-- Exercise requirements --
Look through the entries below and extract exactly the lines from the one containing "list \<Rightarrow> 'c list \<Rightarrow>" through the one containing "par lab (SOME", ends included.

-- Extracted information --
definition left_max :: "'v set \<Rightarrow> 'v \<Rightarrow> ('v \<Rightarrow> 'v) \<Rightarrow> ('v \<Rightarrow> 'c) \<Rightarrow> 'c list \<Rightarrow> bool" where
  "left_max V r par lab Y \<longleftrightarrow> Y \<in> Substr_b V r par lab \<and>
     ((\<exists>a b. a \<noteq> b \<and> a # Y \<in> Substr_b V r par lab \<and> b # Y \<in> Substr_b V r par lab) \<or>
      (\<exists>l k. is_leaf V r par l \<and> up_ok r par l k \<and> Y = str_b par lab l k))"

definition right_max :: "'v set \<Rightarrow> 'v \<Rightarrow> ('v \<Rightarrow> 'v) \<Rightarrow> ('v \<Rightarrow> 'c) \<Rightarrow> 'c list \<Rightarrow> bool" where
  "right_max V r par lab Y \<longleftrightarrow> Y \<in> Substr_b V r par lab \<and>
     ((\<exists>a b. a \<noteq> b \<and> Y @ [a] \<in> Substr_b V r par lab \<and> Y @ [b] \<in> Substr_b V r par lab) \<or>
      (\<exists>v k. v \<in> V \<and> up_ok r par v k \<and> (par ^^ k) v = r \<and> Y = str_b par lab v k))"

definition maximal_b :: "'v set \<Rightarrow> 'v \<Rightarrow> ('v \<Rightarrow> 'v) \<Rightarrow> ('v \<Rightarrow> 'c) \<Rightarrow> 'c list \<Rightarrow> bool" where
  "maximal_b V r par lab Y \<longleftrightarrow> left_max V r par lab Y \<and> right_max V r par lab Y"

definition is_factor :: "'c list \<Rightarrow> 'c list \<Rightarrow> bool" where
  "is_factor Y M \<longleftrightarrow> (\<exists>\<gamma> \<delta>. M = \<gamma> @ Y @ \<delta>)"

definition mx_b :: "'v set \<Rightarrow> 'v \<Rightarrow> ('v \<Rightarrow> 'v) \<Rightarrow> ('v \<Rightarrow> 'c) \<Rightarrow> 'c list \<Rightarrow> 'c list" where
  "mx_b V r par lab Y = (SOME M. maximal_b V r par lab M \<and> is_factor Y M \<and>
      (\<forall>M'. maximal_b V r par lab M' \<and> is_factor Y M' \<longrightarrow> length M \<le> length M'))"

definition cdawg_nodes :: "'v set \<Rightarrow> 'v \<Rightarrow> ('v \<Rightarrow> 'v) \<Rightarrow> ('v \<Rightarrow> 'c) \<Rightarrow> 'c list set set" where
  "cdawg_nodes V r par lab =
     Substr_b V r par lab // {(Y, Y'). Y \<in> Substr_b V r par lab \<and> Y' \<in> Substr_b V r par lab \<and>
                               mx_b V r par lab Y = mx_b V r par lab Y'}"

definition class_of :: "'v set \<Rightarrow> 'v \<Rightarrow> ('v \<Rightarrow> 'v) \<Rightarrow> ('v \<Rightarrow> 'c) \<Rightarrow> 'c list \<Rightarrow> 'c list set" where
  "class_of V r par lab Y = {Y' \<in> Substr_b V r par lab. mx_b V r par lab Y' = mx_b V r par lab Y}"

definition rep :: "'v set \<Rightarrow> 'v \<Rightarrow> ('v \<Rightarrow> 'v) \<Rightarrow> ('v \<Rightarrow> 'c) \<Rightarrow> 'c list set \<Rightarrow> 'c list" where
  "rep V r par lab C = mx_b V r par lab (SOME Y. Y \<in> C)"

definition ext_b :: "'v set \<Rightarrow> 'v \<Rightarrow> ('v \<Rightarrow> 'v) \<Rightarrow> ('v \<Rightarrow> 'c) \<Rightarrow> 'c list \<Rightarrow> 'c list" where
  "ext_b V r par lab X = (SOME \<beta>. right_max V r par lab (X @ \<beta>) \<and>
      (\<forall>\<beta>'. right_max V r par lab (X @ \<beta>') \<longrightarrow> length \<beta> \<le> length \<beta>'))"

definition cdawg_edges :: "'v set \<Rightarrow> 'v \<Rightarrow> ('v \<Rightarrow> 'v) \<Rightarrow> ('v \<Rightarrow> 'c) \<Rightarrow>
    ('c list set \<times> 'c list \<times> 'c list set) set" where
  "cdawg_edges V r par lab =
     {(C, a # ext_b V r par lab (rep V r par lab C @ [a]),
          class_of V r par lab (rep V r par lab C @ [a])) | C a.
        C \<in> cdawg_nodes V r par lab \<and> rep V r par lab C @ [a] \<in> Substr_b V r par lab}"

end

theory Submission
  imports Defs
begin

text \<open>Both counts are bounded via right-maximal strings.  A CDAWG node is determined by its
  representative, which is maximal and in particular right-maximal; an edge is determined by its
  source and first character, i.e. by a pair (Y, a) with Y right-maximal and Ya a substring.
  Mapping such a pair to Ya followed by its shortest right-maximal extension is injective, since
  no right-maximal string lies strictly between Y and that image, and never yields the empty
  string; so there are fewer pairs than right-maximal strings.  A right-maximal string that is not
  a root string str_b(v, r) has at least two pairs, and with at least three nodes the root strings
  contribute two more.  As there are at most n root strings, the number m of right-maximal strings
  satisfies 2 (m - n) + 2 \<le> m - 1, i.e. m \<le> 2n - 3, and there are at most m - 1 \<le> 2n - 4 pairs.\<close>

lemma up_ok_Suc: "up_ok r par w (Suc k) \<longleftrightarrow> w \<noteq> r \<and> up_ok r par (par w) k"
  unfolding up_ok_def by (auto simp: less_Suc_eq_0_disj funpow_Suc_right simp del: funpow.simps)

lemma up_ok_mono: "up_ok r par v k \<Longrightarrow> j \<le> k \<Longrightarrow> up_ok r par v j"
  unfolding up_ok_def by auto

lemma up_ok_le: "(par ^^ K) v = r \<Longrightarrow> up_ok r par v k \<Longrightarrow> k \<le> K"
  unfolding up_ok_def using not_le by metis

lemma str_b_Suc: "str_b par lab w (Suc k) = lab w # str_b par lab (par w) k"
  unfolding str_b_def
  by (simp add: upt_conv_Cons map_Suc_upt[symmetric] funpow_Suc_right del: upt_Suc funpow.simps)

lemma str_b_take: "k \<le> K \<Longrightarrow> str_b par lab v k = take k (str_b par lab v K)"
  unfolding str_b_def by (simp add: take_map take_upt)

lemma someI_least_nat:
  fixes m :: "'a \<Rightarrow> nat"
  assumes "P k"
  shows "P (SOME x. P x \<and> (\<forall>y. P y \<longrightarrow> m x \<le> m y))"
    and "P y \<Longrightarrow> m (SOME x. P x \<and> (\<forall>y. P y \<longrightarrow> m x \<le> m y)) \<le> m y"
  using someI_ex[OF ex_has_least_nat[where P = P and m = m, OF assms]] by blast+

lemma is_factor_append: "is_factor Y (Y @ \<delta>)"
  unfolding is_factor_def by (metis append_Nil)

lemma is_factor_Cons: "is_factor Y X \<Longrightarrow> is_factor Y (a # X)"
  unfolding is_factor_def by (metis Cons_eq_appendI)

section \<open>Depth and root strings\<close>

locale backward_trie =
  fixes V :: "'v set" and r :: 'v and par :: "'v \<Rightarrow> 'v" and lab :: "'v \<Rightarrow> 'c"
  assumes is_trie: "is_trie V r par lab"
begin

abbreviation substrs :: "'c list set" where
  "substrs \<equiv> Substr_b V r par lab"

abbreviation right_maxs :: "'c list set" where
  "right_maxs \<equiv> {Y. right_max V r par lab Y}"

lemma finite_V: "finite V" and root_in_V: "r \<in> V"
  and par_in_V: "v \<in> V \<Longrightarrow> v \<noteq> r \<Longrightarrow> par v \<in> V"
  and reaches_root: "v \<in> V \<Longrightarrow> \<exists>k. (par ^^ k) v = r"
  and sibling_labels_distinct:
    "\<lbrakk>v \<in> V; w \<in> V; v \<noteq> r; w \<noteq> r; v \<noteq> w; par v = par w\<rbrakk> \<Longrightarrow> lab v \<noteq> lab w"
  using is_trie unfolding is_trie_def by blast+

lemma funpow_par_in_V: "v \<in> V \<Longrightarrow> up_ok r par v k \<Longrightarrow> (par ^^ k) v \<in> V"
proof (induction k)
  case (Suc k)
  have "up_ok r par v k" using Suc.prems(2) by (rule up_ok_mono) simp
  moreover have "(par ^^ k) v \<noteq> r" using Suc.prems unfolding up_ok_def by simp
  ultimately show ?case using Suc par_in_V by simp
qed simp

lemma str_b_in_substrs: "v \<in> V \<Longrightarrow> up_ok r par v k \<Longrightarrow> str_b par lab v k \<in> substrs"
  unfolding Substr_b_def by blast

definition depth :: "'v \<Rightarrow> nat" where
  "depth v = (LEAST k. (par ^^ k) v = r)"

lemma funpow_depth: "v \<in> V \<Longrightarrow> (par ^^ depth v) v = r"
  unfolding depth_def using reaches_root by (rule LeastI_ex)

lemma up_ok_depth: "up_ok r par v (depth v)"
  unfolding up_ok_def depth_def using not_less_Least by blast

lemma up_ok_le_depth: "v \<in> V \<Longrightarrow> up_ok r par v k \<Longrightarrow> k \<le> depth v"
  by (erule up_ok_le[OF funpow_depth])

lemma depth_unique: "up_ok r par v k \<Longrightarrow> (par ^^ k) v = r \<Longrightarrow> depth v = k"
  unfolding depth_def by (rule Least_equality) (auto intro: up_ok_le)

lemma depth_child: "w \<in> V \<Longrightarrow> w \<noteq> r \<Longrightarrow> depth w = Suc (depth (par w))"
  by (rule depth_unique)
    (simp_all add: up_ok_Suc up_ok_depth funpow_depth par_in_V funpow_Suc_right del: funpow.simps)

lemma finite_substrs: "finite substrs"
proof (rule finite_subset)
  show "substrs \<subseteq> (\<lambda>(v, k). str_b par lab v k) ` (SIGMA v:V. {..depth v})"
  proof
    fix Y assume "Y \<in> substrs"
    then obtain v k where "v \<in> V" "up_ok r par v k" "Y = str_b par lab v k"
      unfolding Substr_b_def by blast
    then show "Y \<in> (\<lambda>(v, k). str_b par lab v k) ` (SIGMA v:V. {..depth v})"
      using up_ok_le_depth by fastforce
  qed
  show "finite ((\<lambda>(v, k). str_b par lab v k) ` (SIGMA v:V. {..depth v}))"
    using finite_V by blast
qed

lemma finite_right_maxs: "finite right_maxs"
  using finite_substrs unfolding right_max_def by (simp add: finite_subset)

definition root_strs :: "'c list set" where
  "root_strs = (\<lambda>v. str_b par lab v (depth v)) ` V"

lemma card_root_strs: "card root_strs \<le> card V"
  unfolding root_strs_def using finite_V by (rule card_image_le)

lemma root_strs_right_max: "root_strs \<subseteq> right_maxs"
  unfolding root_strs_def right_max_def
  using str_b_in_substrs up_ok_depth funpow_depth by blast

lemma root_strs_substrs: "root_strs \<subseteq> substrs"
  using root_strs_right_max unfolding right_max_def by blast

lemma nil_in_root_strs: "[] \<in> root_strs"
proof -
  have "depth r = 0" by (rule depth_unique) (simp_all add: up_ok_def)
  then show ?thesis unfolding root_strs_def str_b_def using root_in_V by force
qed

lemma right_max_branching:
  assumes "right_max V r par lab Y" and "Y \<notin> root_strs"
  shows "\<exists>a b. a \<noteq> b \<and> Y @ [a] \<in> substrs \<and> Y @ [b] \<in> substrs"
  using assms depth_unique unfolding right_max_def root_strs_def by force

-- Answer to this task --
definition is_factor :: "'c list \<Rightarrow> 'c list \<Rightarrow> bool" where
  "is_factor Y M \<longleftrightarrow> (\<exists>\<gamma> \<delta>. M = \<gamma> @ Y @ \<delta>)"

definition mx_b :: "'v set \<Rightarrow> 'v \<Rightarrow> ('v \<Rightarrow> 'v) \<Rightarrow> ('v \<Rightarrow> 'c) \<Rightarrow> 'c list \<Rightarrow> 'c list" where
  "mx_b V r par lab Y = (SOME M. maximal_b V r par lab M \<and> is_factor Y M \<and>
      (\<forall>M'. maximal_b V r par lab M' \<and> is_factor Y M' \<longrightarrow> length M \<le> length M'))"

definition cdawg_nodes :: "'v set \<Rightarrow> 'v \<Rightarrow> ('v \<Rightarrow> 'v) \<Rightarrow> ('v \<Rightarrow> 'c) \<Rightarrow> 'c list set set" where
  "cdawg_nodes V r par lab =
     Substr_b V r par lab // {(Y, Y'). Y \<in> Substr_b V r par lab \<and> Y' \<in> Substr_b V r par lab \<and>
                               mx_b V r par lab Y = mx_b V r par lab Y'}"

definition class_of :: "'v set \<Rightarrow> 'v \<Rightarrow> ('v \<Rightarrow> 'v) \<Rightarrow> ('v \<Rightarrow> 'c) \<Rightarrow> 'c list \<Rightarrow> 'c list set" where
  "class_of V r par lab Y = {Y' \<in> Substr_b V r par lab. mx_b V r par lab Y' = mx_b V r par lab Y}"

definition rep :: "'v set \<Rightarrow> 'v \<Rightarrow> ('v \<Rightarrow> 'v) \<Rightarrow> ('v \<Rightarrow> 'c) \<Rightarrow> 'c list set \<Rightarrow> 'c list" where
  "rep V r par lab C = mx_b V r par lab (SOME Y. Y \<in> C)"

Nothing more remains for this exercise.